■ **Instructions for the task**:
Nothing outside the range below should be printed. Output exactly the lines from the line with "instance by standard" to the line with "using poly_mapping_expansion[of p] by", both included.

*** Opening of Material shown ***

(* Let $(\mathcal{L},[\,,\,])$ be a Lie algebra over $\mathbf{k}$ with basis $X=\{x_j:j\in J\}$ where $J$ is totally ordered, let $k\in\mathbf{k}$ be nonzero, and let $\hat A$, $\hat q$, $\hat x_j$, $R$ be as constructed below. Then every element of $\hat A$ is congruent modulo $R$ to a $\mathbf{k}$-linear combination of model monomials, where the model monomials are: (a) $\hat q\hat x_{j_1}\cdots\hat x_{j_m}$ with $m\ge0$, $j_1\le\cdots\le j_m$; (b) $\hat x_{i_1}\cdots\hat x_{i_t}\hat x_{j_0}\hat q\hat x_{j_1}\cdots\hat x_{j_m}$ with $t,m\ge0$, $i_1\le\cdots\le i_t$, $j_0\le j_1\le\cdots\le j_m$; (c) $\hat x_{j_1}\cdots\hat x_{j_m}$ with $m\ge0$, $j_1\le\cdots\le j_m$ (empty products being $\hat 1$).
   Context: Construction: $\tilde q\notin X$ a symbol, $V$ the $\mathbf{k}$-vector space with basis $X\cup\{\tilde q\}$, $T(V)$ its tensor algebra, $I$ the two-sided ideal generated by $\tilde q\otimes\tilde q-\tilde q$ and all $\tilde q\otimes a\otimes\tilde q-\tilde q\otimes a$ ($a\in T(V)$), $\hat A=T(V)/I$, $\hat q=\tilde q+I$, $\hat 1=1+I$, $\hat x_j=x_j+I$, and $x\mapsto\hat x$ the linear extension to $\mathcal{L}$. $R$ is the two-sided ideal of $\hat A$ generated by all $\widehat{[x,y]}-\hat x\hat y+\hat y\hat x+\hat x\hat y\hat q-\hat y\hat x\hat q-k\hat x\hat q\hat y+k\hat y\hat q\hat x$, $x,y\in\mathcal{L}$. *)

theory Defs
  imports Main "HOL-Library.Poly_Mapping"
begin

definition pm_smult :: "'k::field \<Rightarrow> ('a \<Rightarrow>\<^sub>0 'k) \<Rightarrow> ('a \<Rightarrow>\<^sub>0 'k)" where
  "pm_smult c p = Poly_Mapping.map (\<lambda>a. c * a) p"

text \<open>Lie algebra structure on L = finitely supported functions (coordinates w.r.t. the basis
  X = {x_j}, x_j = single j 1), with bracket br.\<close>
definition lie_algebra :: "(('j \<Rightarrow>\<^sub>0 'k::field) \<Rightarrow> ('j \<Rightarrow>\<^sub>0 'k) \<Rightarrow> ('j \<Rightarrow>\<^sub>0 'k)) \<Rightarrow> bool" where
  "lie_algebra br \<longleftrightarrow>
     (\<forall>x y z. br (x + y) z = br x z + br y z) \<and>
     (\<forall>x y z. br x (y + z) = br x y + br x z) \<and>
     (\<forall>c x y. br (pm_smult c x) y = pm_smult c (br x y)) \<and>
     (\<forall>c x y. br x (pm_smult c y) = pm_smult c (br x y)) \<and>
     (\<forall>x. br x x = 0) \<and>
     (\<forall>x y z. br x (br y z) + br y (br z x) + br z (br x y) = 0)"

text \<open>Tensor algebra T(V), V with basis X \<union> {q~}: letters are 'j option,
  None = q~, Some j = x_j; T(V) = finitely supported coefficient maps on words.\<close>
type_synonym ('j, 'k) tens = "'j option list \<Rightarrow>\<^sub>0 'k"

definition tmul :: "('j, 'k::field) tens \<Rightarrow> ('j, 'k) tens \<Rightarrow> ('j, 'k) tens" where
  "tmul p q = (\<Sum>u\<in>Poly_Mapping.keys p. \<Sum>v\<in>Poly_Mapping.keys q.
      Poly_Mapping.single (u @ v) (Poly_Mapping.lookup p u * Poly_Mapping.lookup q v))"

definition tword :: "'j option list \<Rightarrow> ('j, 'k::field) tens" where
  "tword w = Poly_Mapping.single w 1"

definition tq :: "('j, 'k::field) tens" where
  "tq = tword [None]"

definition tone :: "('j, 'k::field) tens" where
  "tone = tword []"

definition thatx :: "('j \<Rightarrow>\<^sub>0 'k::field) \<Rightarrow> ('j, 'k) tens" where
  "thatx x = (\<Sum>j\<in>Poly_Mapping.keys x. Poly_Mapping.single [Some j] (Poly_Mapping.lookup x j))"

inductive_set tideal :: "('j, 'k::field) tens set \<Rightarrow> ('j, 'k) tens set"
  for G where
  zero: "0 \<in> tideal G"
| gen: "g \<in> G \<Longrightarrow> tmul (tmul a g) b \<in> tideal G"
| add: "u \<in> tideal G \<Longrightarrow> v \<in> tideal G \<Longrightarrow> u + v \<in> tideal G"

definition I_gens :: "('j, 'k::field) tens set" where
  "I_gens = insert (tmul tq tq - tq) {tmul (tmul tq a) tq - tmul tq a | a. True}"

definition R_gens :: "(('j \<Rightarrow>\<^sub>0 'k::field) \<Rightarrow> ('j \<Rightarrow>\<^sub>0 'k) \<Rightarrow> ('j \<Rightarrow>\<^sub>0 'k)) \<Rightarrow> 'k
    \<Rightarrow> ('j, 'k) tens set" where
  "R_gens br k = {thatx (br x y) - tmul (thatx x) (thatx y) + tmul (thatx y) (thatx x)
       + tmul (tmul (thatx x) (thatx y)) tq - tmul (tmul (thatx y) (thatx x)) tq
       - pm_smult k (tmul (tmul (thatx x) tq) (thatx y))
       + pm_smult k (tmul (tmul (thatx y) tq) (thatx x)) | x y. True}"

definition model_words :: "'j::linorder option list set" where
  "model_words =
     {None # map Some js | js. sorted js}
   \<union> {map Some is @ [Some j0, None] @ map Some js | is j0 js. sorted is \<and> sorted (j0 # js)}
   \<union> {map Some js | js. sorted js}"

end

theory Submission
  imports Defs
begin

(* Proof idea (a reduction-system argument in the style of the diamond lemma, only the
   existence half).  T(V) is the monoid algebra of the free monoid of words over the
   letters x_j (written Some j) and q~ (written None); making lists a monoid under
   concatenation lets us use the ring structure of poly_mapping, in which tmul is ordinary
   multiplication.  Call an element reducible if it is congruent modulo
   J = tideal (I_gens \<union> R_gens br k) to a combination of model words.  Reducible
   elements form a subspace closed under congruence, so it suffices that every word is
   reducible.

   The I-relations q v q = q v cut every word down to at most one letter q.  The generator
   of R for basis vectors x_i, x_j, multiplied by words on both sides and cleaned up by the
   I-relations, gives three exchange rules for adjacent letters x_i x_j: one for letters in
   front of q, one for letters behind q, one for the two letters around q.  Each exchange
   costs only words with fewer x-letters (the bracket term) or words whose q sits further to
   the left; the two rules next to q divide by k, which is where k \<noteq> 0 is used.
   An induction on the number of x-letters, combined with bubble-sort inductions on the
   number of inversions, then brings every word into one of the three model shapes. *)


section \<open>Tensor algebra as a monoid algebra\<close>

text \<open>Words under concatenation form a monoid; this turns T(V) into a ring.\<close>
instantiation list :: (type) monoid_add
begin
definition zero_list :: "'a list" where "zero_list = []"
definition plus_list :: "'a list \<Rightarrow> 'a list \<Rightarrow> 'a list" where "plus_list = (@)"
instance by standard (auto simp: zero_list_def plus_list_def)
end

lemma poly_mapping_expansion:
  "p = (\<Sum>u\<in>Poly_Mapping.keys p. Poly_Mapping.single u (Poly_Mapping.lookup p u))"
  by (rule poly_mapping_eqI) (simp add: lookup_sum lookup_single when_def in_keys_iff)

lemma tmul_eq_times: "tmul p q = p * (q :: ('j,'k::field) tens)"
proof -
  have "p * q = (\<Sum>u\<in>Poly_Mapping.keys p. Poly_Mapping.single u (Poly_Mapping.lookup p u)) *
     (\<Sum>v\<in>Poly_Mapping.keys q. Poly_Mapping.single v (Poly_Mapping.lookup q v))"
    using poly_mapping_expansion[of p] poly_mapping_expansion[of q] by simp
  also have "\<dots> = tmul p q"
    by (simp add: tmul_def sum_distrib_left sum_distrib_right mult_single plus_list_def)
       (rule sum.swap)
  finally show ?thesis by simp
qed

lemma tword_mult: "tword u * tword v = (tword (u @ v) :: ('j,'k::field) tens)"
  by (simp add: tword_def mult_single plus_list_def)

lemma tword_mult_assoc: "tword u * (tword v * p) = tword (u @ v) * (p :: ('j,'k::field) tens)"
  by (simp add: mult.assoc[symmetric] tword_mult)

definition sc :: "'k \<Rightarrow> ('j,'k::field) tens" where
  "sc c = Poly_Mapping.single [] c"

lemma sc_mult_single: "sc c * Poly_Mapping.single w a = Poly_Mapping.single w (c * a)"
  by (simp add: sc_def mult_single plus_list_def)

lemma single_eq_sc_tword: "Poly_Mapping.single w c = sc c * (tword w :: ('j,'k::field) tens)"
  by (simp add: tword_def sc_mult_single)

lemma sc_central: "sc c * p = p * (sc c :: ('j,'k::field) tens)"
proof -
  have "sc c * p = sc c * (\<Sum>u\<in>Poly_Mapping.keys p. Poly_Mapping.single u (Poly_Mapping.lookup p u))"
    using poly_mapping_expansion[of p] by simp
  also have "\<dots> = (\<Sum>u\<in>Poly_Mapping.keys p. Poly_Mapping.single u (Poly_Mapping.lookup p u)) * sc c"
    by (simp add: sum_distrib_left sum_distrib_right sc_def mult_single plus_list_def mult.commute)
  finally show ?thesis
    by (metis poly_mapping_expansion)
qed

lemma tword_sc: "tword u * (sc c * p) = sc c * (tword u * (p :: ('j,'k::field) tens))"
  by (metis mult.assoc sc_central)

lemma tword_sc_right: "tword u * sc c = sc c * (tword u :: ('j,'k::field) tens)"
  by (rule sc_central[symmetric])

lemma sc_mult: "sc a * sc b = (sc (a * b) :: ('j,'k::field) tens)"
  by (simp add: sc_def mult_single plus_list_def)

lemma sc_one: "sc 1 = (1 :: ('j,'k::field) tens)"
  by (simp add: sc_def zero_list_def[symmetric])

lemma sc_minus_one: "sc (-1) = (-1 :: ('j,'k::field) tens)"
  by (metis sc_def single_uminus sc_one)

lemma pm_smult_eq_sc: "pm_smult c p = sc c * p"
  by (simp add: pm_smult_def sc_def mult_map_scale_conv_mult zero_list_def)

lemma keys_sc_mult: "Poly_Mapping.keys (sc c * (p::('j,'k::field) tens)) \<subseteq> Poly_Mapping.keys p"
  unfolding pm_smult_eq_sc[symmetric] pm_smult_def
  by (auto simp: in_keys_iff map.rep_eq when_def)

lemma thatx_single: "thatx (Poly_Mapping.single i (1::'k::field)) = (tword [Some i] :: ('j,'k) tens)"
  by (simp add: thatx_def tword_def)


section \<open>Two-sided ideals\<close>

lemma tideal_mult_left: "u \<in> tideal G \<Longrightarrow> c * u \<in> tideal G"
proof (induction rule: tideal.induct)
  case (gen g a b)
  have "c * tmul (tmul a g) b = tmul (tmul (c * a) g) b"
    by (simp add: tmul_eq_times mult.assoc)
  then show ?case using tideal.gen[OF gen] by simp
qed (simp_all add: distrib_left tideal.intros)

lemma tideal_mult_right: "u \<in> tideal G \<Longrightarrow> u * c \<in> tideal G"
proof (induction rule: tideal.induct)
  case (gen g a b)
  have "tmul (tmul a g) b * c = tmul (tmul a g) (b * c)"
    by (simp add: tmul_eq_times mult.assoc)
  then show ?case using tideal.gen[OF gen] by simp
qed (simp_all add: distrib_right tideal.intros)

lemma tideal_context: "u \<in> tideal G \<Longrightarrow> a * u * b \<in> tideal G"
  by (intro tideal_mult_right tideal_mult_left)

lemma tideal_generator: "g \<in> G \<Longrightarrow> g \<in> tideal G"
  using tideal.gen[of g G 1 1] by (simp add: tmul_eq_times)

lemma tideal_uminus: "u \<in> tideal G \<Longrightarrow> - u \<in> tideal G"
  using tideal_mult_left[of u G "-1"] by simp

lemma tideal_diff: "u \<in> tideal G \<Longrightarrow> v \<in> tideal G \<Longrightarrow> u - v \<in> tideal G"
  unfolding diff_conv_add_uminus by (intro tideal.add tideal_uminus)


section \<open>Reducible elements\<close>

definition reducible :: "('j,'k::field) tens set \<Rightarrow> 'j option list set \<Rightarrow> ('j,'k) tens \<Rightarrow> bool" where
  "reducible G W a \<longleftrightarrow> (\<exists>p. Poly_Mapping.keys p \<subseteq> W \<and> a - p \<in> tideal G)"

lemma reducible_word: "w \<in> W \<Longrightarrow> reducible G W (tword w)"
  unfolding reducible_def by (intro exI[of _ "tword w"]) (auto simp: tword_def tideal.zero)

lemma reducible_zero: "reducible G W 0"
  unfolding reducible_def by (intro exI[of _ 0]) (simp add: tideal.zero)

lemma reducible_add:
  assumes "reducible G W a" "reducible G W b"
  shows "reducible G W (a + b)"
proof -
  obtain p q where p: "Poly_Mapping.keys p \<subseteq> W" "a - p \<in> tideal G"
    and q: "Poly_Mapping.keys q \<subseteq> W" "b - q \<in> tideal G"
    using assms unfolding reducible_def by blast
  have "Poly_Mapping.keys (p + q) \<subseteq> W"
    using keys_add[of p q] p q by blast
  moreover have "a + b - (p + q) \<in> tideal G"
    using tideal.add[OF p(2) q(2)] by (simp add: algebra_simps)
  ultimately show ?thesis unfolding reducible_def by blast
qed

lemma reducible_scale:
  assumes "reducible G W a"
  shows "reducible G W (sc c * a)"
proof -
  obtain p where p: "Poly_Mapping.keys p \<subseteq> W" "a - p \<in> tideal G"
    using assms unfolding reducible_def by blast
  have "Poly_Mapping.keys (sc c * p) \<subseteq> W"
    using keys_sc_mult[of c p] p by blast
  moreover have "sc c * a - sc c * p \<in> tideal G"
    using tideal_mult_left[OF p(2), of "sc c"] by (simp add: algebra_simps)
  ultimately show ?thesis unfolding reducible_def by blast
qed

lemma reducible_uminus: "reducible G W a \<Longrightarrow> reducible G W (- a)"
  using reducible_scale[of G W a "-1"] by (simp add: sc_minus_one)

lemma reducible_diff: "reducible G W a \<Longrightarrow> reducible G W b \<Longrightarrow> reducible G W (a - b)"
  unfolding diff_conv_add_uminus by (intro reducible_add reducible_uminus)

lemma reducible_sum: "(\<And>x. x \<in> S \<Longrightarrow> reducible G W (f x)) \<Longrightarrow> reducible G W (\<Sum>x\<in>S. f x)"
  by (induction S rule: infinite_finite_induct) (simp_all add: reducible_zero reducible_add)

lemma reducible_congruent:
  assumes "a - b \<in> tideal G" "reducible G W b"
  shows "reducible G W a"
proof -
  obtain p where p: "Poly_Mapping.keys p \<subseteq> W" "b - p \<in> tideal G"
    using assms(2) unfolding reducible_def by blast
  have "a - p \<in> tideal G"
    using tideal.add[OF assms(1) p(2)] by simp
  then show ?thesis using p(1) unfolding reducible_def by blast
qed

text \<open>Since words span T(V), it suffices to reduce words.\<close>
lemma reducible_if_words_reducible:
  assumes "\<And>w. reducible G W (tword w)"
  shows "reducible G W a"
proof -
  have "a = (\<Sum>u\<in>Poly_Mapping.keys a. sc (Poly_Mapping.lookup a u) * tword u)"
    by (subst poly_mapping_expansion) (simp only: single_eq_sc_tword)
  also have "reducible G W \<dots>"
    by (intro reducible_sum reducible_scale assms)
  finally show ?thesis .
qed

*** Close of Material shown ***

■ **Output**:
instance by standard (auto simp: zero_list_def plus_list_def)
end

lemma poly_mapping_expansion:
  "p = (\<Sum>u\<in>Poly_Mapping.keys p. Poly_Mapping.single u (Poly_Mapping.lookup p u))"
  by (rule poly_mapping_eqI) (simp add: lookup_sum lookup_single when_def in_keys_iff)

lemma tmul_eq_times: "tmul p q = p * (q :: ('j,'k::field) tens)"
proof -
  have "p * q = (\<Sum>u\<in>Poly_Mapping.keys p. Poly_Mapping.single u (Poly_Mapping.lookup p u)) *
     (\<Sum>v\<in>Poly_Mapping.keys q. Poly_Mapping.single v (Poly_Mapping.lookup q v))"
    using poly_mapping_expansion[of p] poly_mapping_expansion[of q] by simp
  also have "\<dots> = tmul p q"
    by (simp add: tmul_def sum_distrib_left sum_distrib_right mult_single plus_list_def)
       (rule sum.swap)
  finally show ?thesis by simp
qed

lemma tword_mult: "tword u * tword v = (tword (u @ v) :: ('j,'k::field) tens)"
  by (simp add: tword_def mult_single plus_list_def)

lemma tword_mult_assoc: "tword u * (tword v * p) = tword (u @ v) * (p :: ('j,'k::field) tens)"
  by (simp add: mult.assoc[symmetric] tword_mult)

definition sc :: "'k \<Rightarrow> ('j,'k::field) tens" where
  "sc c = Poly_Mapping.single [] c"

lemma sc_mult_single: "sc c * Poly_Mapping.single w a = Poly_Mapping.single w (c * a)"
  by (simp add: sc_def mult_single plus_list_def)

lemma single_eq_sc_tword: "Poly_Mapping.single w c = sc c * (tword w :: ('j,'k::field) tens)"
  by (simp add: tword_def sc_mult_single)

lemma sc_central: "sc c * p = p * (sc c :: ('j,'k::field) tens)"
proof -
  have "sc c * p = sc c * (\<Sum>u\<in>Poly_Mapping.keys p. Poly_Mapping.single u (Poly_Mapping.lookup p u))"
    using poly_mapping_expansion[of p] by simp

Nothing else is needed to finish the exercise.